ATTRIBUTE INFORMATION:
- There are 30,000 observations.
- The binary variable, default_payment_next_month (Yes=2, No=1) is the response variable.
- There are 23 explanatory variables:
- LIMIT_BAL: Amount of the given credit (dollar): it includes both the individual consumer credit and his/her family (supplementary) credit.
- SEX: (1 = male; 2 = female).
- EDUCATION : (1 = graduate school; 2 = university; 3 = high school; 4 = others).
- MARRIAGE: (1 = married; 2 = single; 3 = others).
- AGE: (year).
- History of past payment: REPAY_SEP, REPAY_AUG, REPAY_JUL, REPAY_JUN, REPAY_MAY, REPAY_APR. The measurement scale for the repayment status is: -1 = pay duly; 1 = payment delay for one month; 2 = payment delay for two months; . . .; 8 = payment delay for eight months; 9 = payment delay for nine months and above.

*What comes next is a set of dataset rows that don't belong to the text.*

lemma nn_integral_layer_cake:
  fixes f :: "'a \<Rightarrow> real"
  assumes "sigma_finite_measure M" and [measurable]: "f \<in> borel_measurable M"
  shows "(\<integral>\<^sup>+\<omega>. ennreal (f \<omega>) \<partial>M)
    = (\<integral>\<^sup>+x. emeasure M {\<omega>\<in>space M. x < f \<omega>} * indicator {0..} x \<partial>lborel)"
proof -
  interpret pair_sigma_finite M lborel
    using assms(1) lborel.sigma_finite_measure_axioms by (simp add: pair_sigma_finite_def)
  define G :: "'a \<Rightarrow> real \<Rightarrow> ennreal"
    where "G \<omega> x = indicator {\<omega>\<in>space M. x < f \<omega>} \<omega> * indicator {0..} x" for \<omega> x
  have [measurable]: "case_prod G \<in> borel_measurable (M \<Otimes>\<^sub>M lborel)"
    unfolding G_def case_prod_beta by measurable
  have "ennreal (f \<omega>) = (\<integral>\<^sup>+x. G \<omega> x \<partial>lborel)" if "\<omega> \<in> space M" for \<omega>
  proof -
    have "(\<lambda>x. G \<omega> x) = indicator {0..<f \<omega>}"
      using that by (auto simp: G_def fun_eq_iff indicator_def)
    then show ?thesis
      by (cases "0 \<le> f \<omega>") (auto simp: ennreal_neg)
  qed
  then have "(\<integral>\<^sup>+\<omega>. ennreal (f \<omega>) \<partial>M) = (\<integral>\<^sup>+\<omega>. (\<integral>\<^sup>+x. G \<omega> x \<partial>lborel) \<partial>M)"
    by (intro nn_integral_cong) simp
  also have "\<dots> = (\<integral>\<^sup>+x. (\<integral>\<^sup>+\<omega>. G \<omega> x \<partial>M) \<partial>lborel)"
    by (rule Fubini'[symmetric]) measurable
  also have "\<dots> = (\<integral>\<^sup>+x. emeasure M {\<omega>\<in>space M. x < f \<omega>} * indicator {0..} x \<partial>lborel)"
    unfolding G_def by (subst nn_integral_multc) auto
  finally show ?thesis .
qed

lemma VaR_nonneg:
  assumes "prob_space M" and Y: "Y \<in> borel_measurable M" and "AE \<omega> in M. 0 \<le> Y \<omega>"
    and "0 \<le> q" "q < 1"
  shows "0 \<le> VaR M q Y"
proof -
  interpret prob_space M by fact
  have cdf_neg: "measure M {\<omega>\<in>space M. Y \<omega> \<le> x} = 0" if "x < 0" for x
  proof -
    have "AE \<omega> in M. \<not> Y \<omega> \<le> x"
      using assms(3) by eventually_elim (use that in auto)
    then show ?thesis
      by (simp add: measure_def emeasure_eq_0_AE)
  qed
  have cdf: "cdf (distr M borel Y) x = measure M {\<omega>\<in>space M. Y \<omega> \<le> x}" for x
    using Y by (simp add: cdf_def measure_distr vimage_def Int_def conj_commute)
  have "\<forall>\<^sub>F x in at_top. q < cdf (distr M borel Y) x"
    using real_distribution.cdf_lim_at_top_prob[OF real_distribution_distr[OF Y]] assms(5)
    by (rule order_tendstoD)
  then obtain x where x: "q < measure M {\<omega>\<in>space M. Y \<omega> \<le> x}"
    by (auto simp: cdf eventually_at_top_linorder)
  \<comment> \<open>one argument for both branches of \<open>VaR_def\<close>: \<open>P = (<) 0\<close> and \<open>P = (\<le>) q\<close>\<close>
  have "0 \<le> Inf {x. P (measure M {\<omega>\<in>space M. Y \<omega> \<le> x})}"
    if "P (measure M {\<omega>\<in>space M. Y \<omega> \<le> x})" "\<not> P 0" for P
    using that cdf_neg by (intro cInf_greatest) (auto simp: not_less[symmetric])
  from this[of "\<lambda>p. 0 < p"] this[of "\<lambda>p. q \<le> p"] show ?thesis
    using x assms(4) by (auto simp: VaR_def)
qed

lemma LIMSEQ_measure_joint_exceedance:
  assumes "finite_measure M" "finite I" "\<And>i. i \<in> I \<Longrightarrow> X i \<in> borel_measurable M"
  shows "(\<lambda>m. measure M {\<omega>\<in>space M. \<forall>i\<in>I. y i + inverse (Suc m) < X i \<omega>})
    \<longlonglongrightarrow> measure M {\<omega>\<in>space M. \<forall>i\<in>I. y i < X i \<omega>}"
proof -
  interpret finite_measure M by fact
  define A where "A m = {\<omega>\<in>space M. \<forall>i\<in>I. y i + inverse (Suc m) < X i \<omega>}" for m :: nat
  have "incseq A"
  proof (rule incseq_SucI)
    fix m
    have "y i + inverse (Suc (Suc m)) < X i \<omega>" if "y i + inverse (Suc m) < X i \<omega>" for i \<omega>
    proof -
      have "inverse (real (Suc (Suc m))) \<le> inverse (Suc m)"
        by (simp add: field_simps)
      with that show ?thesis
        by linarith
    qed
    then show "A m \<subseteq> A (Suc m)"
      unfolding A_def by blast
  qed
  moreover have "range A \<subseteq> sets M"
    unfolding A_def using assms(2,3) by (auto intro!: sets.sets_Collect_finite_All)
  moreover have "(\<Union>m. A m) = {\<omega>\<in>space M. \<forall>i\<in>I. y i < X i \<omega>}"
  proof (intro equalityI subsetI)
    fix \<omega> assume "\<omega> \<in> (\<Union>m. A m)"
    then show "\<omega> \<in> {\<omega>\<in>space M. \<forall>i\<in>I. y i < X i \<omega>}"
      unfolding A_def by (auto intro: less_trans[rotated] simp del: of_nat_Suc)
  next
    fix \<omega> assume \<omega>: "\<omega> \<in> {\<omega>\<in>space M. \<forall>i\<in>I. y i < X i \<omega>}"
    have "\<forall>\<^sub>F m in sequentially. \<forall>i\<in>I. y i + inverse (Suc m) < X i \<omega>"
    proof (rule eventually_ball_finite[OF assms(2)], intro ballI)
      fix i assume "i \<in> I"
      with \<omega> have "0 < X i \<omega> - y i"
        by simp
      from order_tendstoD(2)[OF LIMSEQ_inverse_real_of_nat this]
      show "\<forall>\<^sub>F m in sequentially. y i + inverse (Suc m) < X i \<omega>"
        by eventually_elim simp
    qed
    then show "\<omega> \<in> (\<Union>m. A m)"
      using \<omega> unfolding A_def eventually_sequentially by blast
  qed
  ultimately show ?thesis
    using finite_Lim_measure_incseq[of A] unfolding A_def by simp
qed

lemma powr_common_shock_factor:
  fixes a t g ck cl :: real
  assumes "ck \<in> {0, 1}" "cl \<in> {0, 1}" "0 \<le> a" "0 \<le> t"
  shows "(1 + (ck * a + cl * t)) powr (- g)
    = (1 + t) powr (- (cl * g)) * (1 + a) powr (- (ck * g - ck * cl * g))
      * (1 + (1 - t / (1 + t)) * a) powr (- (ck * cl * g))"
proof -
  have "1 + (a + t) = (1 + t) * (1 + (1 - t / (1 + t)) * a)"
    using assms by (simp add: field_simps)
  moreover have "0 < 1 + (1 - t / (1 + t)) * a"
    using assms by (simp add: field_simps add_pos_nonneg)
  ultimately show ?thesis
    using assms by (auto simp: powr_mult)
qed

lemma prod_powr_common_shock_factor:
  fixes a t :: real and ck cl g :: "nat \<Rightarrow> real"
  assumes "\<And>j. j \<in> J \<Longrightarrow> ck j \<in> {0, 1}" "\<And>j. j \<in> J \<Longrightarrow> cl j \<in> {0, 1}" "0 \<le> a" "0 \<le> t"
  shows "(\<Prod>j\<in>J. (1 + (ck j * a + cl j * t)) powr (- g j))
    = (1 + t) powr (- (\<Sum>j\<in>J. cl j * g j))
      * (1 + a) powr (- ((\<Sum>j\<in>J. ck j * g j) - (\<Sum>j\<in>J. ck j * cl j * g j)))
      * (1 + (1 - t / (1 + t)) * a) powr (- (\<Sum>j\<in>J. ck j * cl j * g j))"
proof -
  have "0 < 1 + (1 - t / (1 + t)) * a"
    using assms by (simp add: field_simps add_pos_nonneg)
  have "(\<Prod>j\<in>J. (1 + (ck j * a + cl j * t)) powr (- g j))
      = (\<Prod>j\<in>J. (1 + t) powr (- (cl j * g j)) * (1 + a) powr (- (ck j * g j - ck j * cl j * g j))
          * (1 + (1 - t / (1 + t)) * a) powr (- (ck j * cl j * g j)))"
    using assms by (intro prod.cong refl powr_common_shock_factor) auto
  also have "\<dots> = (1 + t) powr (\<Sum>j\<in>J. - (cl j * g j))
      * (1 + a) powr (\<Sum>j\<in>J. - (ck j * g j - ck j * cl j * g j))
      * (1 + (1 - t / (1 + t)) * a) powr (\<Sum>j\<in>J. - (ck j * cl j * g j))"
    using assms \<open>0 < 1 + (1 - t / (1 + t)) * a\<close> by (simp add: prod.distrib powr_sum)
  finally show ?thesis
    by (simp add: sum_negf sum_subtractf)
qed

locale pareto_common_shock = prob_space M
  for M :: "'a measure" +
  fixes n :: nat and c :: "nat \<Rightarrow> nat \<Rightarrow> real"
    and \<sigma> :: "nat \<Rightarrow> real" and \<gamma> :: "nat \<Rightarrow> real" and X :: "nat \<Rightarrow> 'a \<Rightarrow> real"
  assumes c_01: "\<And>i j. i \<in> {1..n} \<Longrightarrow> j \<in> {1..n+1} \<Longrightarrow> c i j \<in> {0, 1}"
    and \<sigma>_pos: "\<And>i. i \<in> {1..n} \<Longrightarrow> \<sigma> i > 0"
    and \<gamma>_pos: "\<And>j. j \<in> {1..n+1} \<Longrightarrow> \<gamma> j > 0"
    and X_measurable: "\<And>i. i \<in> {1..n} \<Longrightarrow> X i \<in> borel_measurable M"
    and joint_survival: "\<And>x :: nat \<Rightarrow> real. (\<forall>i\<in>{1..n}. x i > 0) \<Longrightarrow>
           measure M {\<omega>\<in>space M. \<forall>i\<in>{1..n}. X i \<omega> > x i}
             = (\<Prod>j=1..n+1. (1 + (\<Sum>i=1..n. c i j * x i / \<sigma> i)) powr (- \<gamma> j))"
begin

definition gamma_star :: "nat \<Rightarrow> real" where
  "gamma_star k = (\<Sum>j=1..n+1. c k j * \<gamma> j)"

definition gamma_pair :: "nat \<Rightarrow> nat \<Rightarrow> real" where
  "gamma_pair k l = (\<Sum>j=1..n+1. c k j * c l j * \<gamma> j)"

text \<open>The hypothesis only covers strictly positive thresholds; zero thresholds, which give the
  margins and the almost sure positivity, follow by continuity from the right.\<close>
lemma joint_survival_nonneg:
  assumes y: "\<And>i. i \<in> {1..n} \<Longrightarrow> 0 \<le> y i"
  shows "measure M {\<omega>\<in>space M. \<forall>i\<in>{1..n}. y i < X i \<omega>}
    = (\<Prod>j=1..n+1. (1 + (\<Sum>i=1..n. c i j * y i / \<sigma> i)) powr (- \<gamma> j))"
proof (rule LIMSEQ_unique)
  let ?y = "\<lambda>m i. y i + inverse (Suc m)"
  show "(\<lambda>m. measure M {\<omega>\<in>space M. \<forall>i\<in>{1..n}. ?y m i < X i \<omega>})
      \<longlonglongrightarrow> measure M {\<omega>\<in>space M. \<forall>i\<in>{1..n}. y i < X i \<omega>}"
    using X_measurable by (intro LIMSEQ_measure_joint_exceedance) (auto intro: finite_measure_axioms)
  have "\<forall>i\<in>{1..n}. ?y m i > 0" for m
    using y by (simp add: add_nonneg_pos)
  then have "measure M {\<omega>\<in>space M. \<forall>i\<in>{1..n}. ?y m i < X i \<omega>}
      = (\<Prod>j=1..n+1. (1 + (\<Sum>i=1..n. c i j * ?y m i / \<sigma> i)) powr (- \<gamma> j))" for m
    by (rule joint_survival)
  moreover have "(\<lambda>m. \<Prod>j=1..n+1. (1 + (\<Sum>i=1..n. c i j * ?y m i / \<sigma> i)) powr (- \<gamma> j))
      \<longlonglongrightarrow> (\<Prod>j=1..n+1. (1 + (\<Sum>i=1..n. c i j * y i / \<sigma> i)) powr (- \<gamma> j))"
  proof (intro tendsto_prod tendsto_powr tendsto_const)
    fix j assume j: "j \<in> {1..n+1}"
    show "(\<lambda>m. 1 + (\<Sum>i=1..n. c i j * ?y m i / \<sigma> i)) \<longlonglongrightarrow> 1 + (\<Sum>i=1..n. c i j * y i / \<sigma> i)"
      using \<sigma>_pos by (intro tendsto_intros LIMSEQ_inverse_real_of_nat_add) force
    have "0 \<le> c i j * y i / \<sigma> i" if "i \<in> {1..n}" for i
      using c_01[OF that j] y[OF that] \<sigma>_pos[OF that] by auto
    then have "0 \<le> (\<Sum>i=1..n. c i j * y i / \<sigma> i)"
      by (rule sum_nonneg)
    then show "1 + (\<Sum>i=1..n. c i j * y i / \<sigma> i) \<noteq> 0"
      by linarith
  qed
  ultimately show "(\<lambda>m. measure M {\<omega>\<in>space M. \<forall>i\<in>{1..n}. ?y m i < X i \<omega>})
      \<longlonglongrightarrow> (\<Prod>j=1..n+1. (1 + (\<Sum>i=1..n. c i j * y i / \<sigma> i)) powr (- \<gamma> j))"
    by simp
qed

lemma AE_X_pos: "AE \<omega> in M. \<forall>i\<in>{1..n}. 0 < X i \<omega>"
proof -
  have "prob {\<omega>\<in>space M. \<forall>i\<in>{1..n}. 0 < X i \<omega>} = 1"
    using joint_survival_nonneg[of "\<lambda>_. 0"] by simp
  then have "AE \<omega> in M. \<omega> \<in> {\<omega>\<in>space M. \<forall>i\<in>{1..n}. 0 < X i \<omega>}"
    by (rule AE_prob_1)
  then show ?thesis
    by simp
qed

- Amount of bill statement: BILL_SEP, BILL_AUG, BILL_JUL, BILL_JUN, BILL_APR, BILL_MAY
- Amount of previous payment: PAY_AMT_SEP, PAY_AMT_AUG, PAY_AMT_JUL, PAY_AMT_JUN, PAY_AMT_MAY, PAY_AMT_APR;
SAS CODE
***********************************************************************
READ IN THE DATA
***********************************************************************;
PROC IMPORT DATAFILE="/home/mst07221/default of credit card clients.xls"
DBMS=XLS
OUT=WORK.creditcard;
GETNAMES=YES;
RUN;
**********************************************************************
DATA MANAGEMENT
*********************************************************************;
DATA NEW;
set work.creditcard;
**if bio_sex=1 then male=1;
**if bio_sex=2 then male=0;
* delete observations with missing data;
if cmiss(of _all_) then delete;
RUN;
ods graphics on;
***********************************************************************
Split data randomly into test and training data
SRS = simple random sampling, selects units with equal probability and without replacement.
OUTALL = keeps all observations and flags those being selected as training data - 70%(non-flagged = testing data).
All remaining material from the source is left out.